Iran slams embassy attack in Norway

Iranian Foreign Minister Manouchehr Mottaki has blasted a recent attack on the Iranian embassy in Norway, criticizing Oslo for the failure to protect the venue.
Mottaki’s letter of complaint was handed to Norwegian Foreign Ministry officials on Friday in which the top Iranian diplomat criticized Oslo authorities for allowing a group of Islamic Republic “enemies” to launch a violent protest outside the Iranian embassy, IRNA reported on Saturday.
The aggression took place after Tehran’s Public Prosecutor Office said on May 9 that five people with links to the terrorist group known as PJAK, the Iranian offshoot of the Kurdistan Workers’ Party (PKK), were executed in the Iranian capital over their involvement in bomb attacks and terror activities.
Meanwhile, Hossein Rezvani, the Iranian envoy who submitted Mottaki’s letter to Oslo officials, censured the Norwegian police for failing to provide security around the embassy where anti-Iran protesters damaged cars and other properties of the embassy.
“Such measures are against the convention of diplomatic rights and Iran-Norway ties,” he noted.
Rezvani also demanded that the Norwegian side compensate for the damages and ensure the safety of the Iranian delegation in order to prevent any diplomatic spats between the two countries.

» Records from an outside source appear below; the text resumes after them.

lemma card_quotient_rtrancl_eq_1_iff:
  assumes "sym r"
  shows "card (A // r\<^sup>*) = 1 \<longleftrightarrow> A \<noteq> {} \<and> (\<forall>x \<in> A. \<forall>y \<in> A. (x, y) \<in> r\<^sup>*)"
proof
  assume "card (A // r\<^sup>*) = 1"
  then obtain X where X: "A // r\<^sup>* = {X}"
    by (rule card_1_singletonE)
  have "(x, y) \<in> r\<^sup>*" if "x \<in> A" "y \<in> A" for x y
  proof -
    have "r\<^sup>* `` {x} = X" "r\<^sup>* `` {y} = X"
      using X quotientI[OF that(1), of "r\<^sup>*"] quotientI[OF that(2), of "r\<^sup>*"] by simp_all
    then show ?thesis
      using rtrancl_sym_Image_eq_iff[OF assms, of x y] by simp
  qed
  moreover have "A \<noteq> {}"
    using X by auto
  ultimately show "A \<noteq> {} \<and> (\<forall>x \<in> A. \<forall>y \<in> A. (x, y) \<in> r\<^sup>*)"
    by blast
next
  assume conn: "A \<noteq> {} \<and> (\<forall>x \<in> A. \<forall>y \<in> A. (x, y) \<in> r\<^sup>*)"
  then obtain x where x: "x \<in> A"
    by blast
  have "A // r\<^sup>* = {r\<^sup>* `` {x}}"
  proof
    show "A // r\<^sup>* \<subseteq> {r\<^sup>* `` {x}}"
    proof
      fix C assume "C \<in> A // r\<^sup>*"
      then obtain y where "y \<in> A" "C = r\<^sup>* `` {y}"
        by (rule quotientE)
      then show "C \<in> {r\<^sup>* `` {x}}"
        using x conn rtrancl_sym_Image_eq_iff[OF assms, of y x] by simp
    qed
  qed (simp add: quotientI[OF x])
  then show "card (A // r\<^sup>*) = 1"
    by simp
qed

lemma rtrancl_insert_edge_cases:
  assumes "(x, y) \<in> (r \<union> {(u, v), (v, u)})\<^sup>*"
  shows "(x, y) \<in> r\<^sup>* \<or> (x, u) \<in> r\<^sup>* \<and> (v, y) \<in> r\<^sup>* \<or> (x, v) \<in> r\<^sup>* \<and> (u, y) \<in> r\<^sup>*"
  using assms
proof (induction rule: rtrancl_induct)
  case (step y z)
  from step.hyps(2) consider "(y, z) \<in> r" | "y = u" "z = v" | "y = v" "z = u"
    by blast
  then show ?case
  proof cases
    case 1
    then show ?thesis using step.IH by (meson rtrancl_into_rtrancl)
  qed (use step.IH in auto)
qed simp

lemma rtrancl_Image_rtrancl_Image:
  assumes "r \<subseteq> r'"
  shows "r'\<^sup>* `` (r\<^sup>* `` X) = r'\<^sup>* `` X"
proof -
  have "r\<^sup>* O r'\<^sup>* \<subseteq> r'\<^sup>* O r'\<^sup>*"
    using rtrancl_mono[OF assms] by blast
  then have "r\<^sup>* O r'\<^sup>* \<subseteq> r'\<^sup>*"
    by (simp add: rtrancl_idemp_self_comp)
  then show ?thesis
    by (auto simp flip: relcomp_Image)
qed

lemma card_quotient_le_insert_edge:
  assumes "finite A" and "sym r" and "u \<in> A"
  shows "card (A // r\<^sup>*) \<le> card (A // (r \<union> {(u, v), (v, u)})\<^sup>*) + 1"
proof -
  let ?R = "r\<^sup>*" and ?R' = "(r \<union> {(u, v), (v, u)})\<^sup>*"
  have class_image: "?R' `` (?R `` {x}) = ?R' `` {x}" for x
    by (rule rtrancl_Image_rtrancl_Image) blast
  have "inj_on (Image ?R') (A // ?R - {?R `` {u}})"
  proof (rule inj_onI)
    fix C1 C2
    assume C1: "C1 \<in> A // ?R - {?R `` {u}}" and C2: "C2 \<in> A // ?R - {?R `` {u}}"
      and eq: "?R' `` C1 = ?R' `` C2"
    obtain x y where xy: "x \<in> A" "C1 = ?R `` {x}" "y \<in> A" "C2 = ?R `` {y}"
      using C1 C2 by (blast elim: quotientE)
    have "(x, u) \<notin> ?R" "(y, u) \<notin> ?R"
      using C1 C2 xy rtrancl_sym_Image_eq_iff[OF assms(2)] by simp_all
    moreover have "(u, y) \<notin> ?R"
      using \<open>(y, u) \<notin> ?R\<close> symD[OF sym_rtrancl[OF assms(2)]] by blast
    moreover have "(x, y) \<in> ?R'"
      using eq xy class_image by blast
    ultimately have "(x, y) \<in> ?R"
      using rtrancl_insert_edge_cases[of x y r u v] by blast
    then show "C1 = C2"
      using xy rtrancl_sym_Image_eq_iff[OF assms(2)] by simp
  qed
  moreover have "Image ?R' ` (A // ?R - {?R `` {u}}) \<subseteq> A // ?R'"
  proof (rule image_subsetI)
    fix C assume "C \<in> A // ?R - {?R `` {u}}"
    then obtain x where "x \<in> A" "C = ?R `` {x}"
      by (blast elim: quotientE)
    then show "?R' `` C \<in> A // ?R'"
      using class_image quotientI by metis
  qed
  moreover have "finite (A // ?R')"
    using assms(1) by (simp add: quotient_def)
  ultimately have "card (A // ?R - {?R `` {u}}) \<le> card (A // ?R')"
    by (rule card_inj_on_le)
  moreover have "card (A // ?R) \<le> card (A // ?R - {?R `` {u}}) + 1"
    by (cases "?R `` {u} \<in> A // ?R") (simp_all add: card_Diff_singleton)
  ultimately show ?thesis
    by linarith
qed

lemma inj_on_restrict_Image:
  "inj_on (\<lambda>g. \<lambda>x\<in>A. g (R `` {x})) (A // R \<rightarrow>\<^sub>E B)"
proof (rule inj_onI)
  fix g1 g2
  assume g: "g1 \<in> A // R \<rightarrow>\<^sub>E B" "g2 \<in> A // R \<rightarrow>\<^sub>E B"
    and eq: "(\<lambda>x\<in>A. g1 (R `` {x})) = (\<lambda>x\<in>A. g2 (R `` {x}))"
  have "g1 C = g2 C" for C
  proof (cases "C \<in> A // R")
    case True
    then obtain x where "x \<in> A" "C = R `` {x}"
      by (rule quotientE)
    then show ?thesis
      using fun_cong[OF eq, of x] by simp
  qed (simp add: PiE_arb[OF g(1)] PiE_arb[OF g(2)])
  then show "g1 = g2"
    by (rule ext)
qed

Iranian judiciary officials say three of the executed PJAK terrorists were arrested in 2006 for carrying five kilograms of explosives, adding that other weapons including 57 rockets and 600 shells were later confiscated from the terrorists.
They say that the five began their terrorist activities shortly after the formation of the Party for Free Life in Kurdistan (PJAK) and bombed the governor’s office and a state building in the western province of Kermanshah.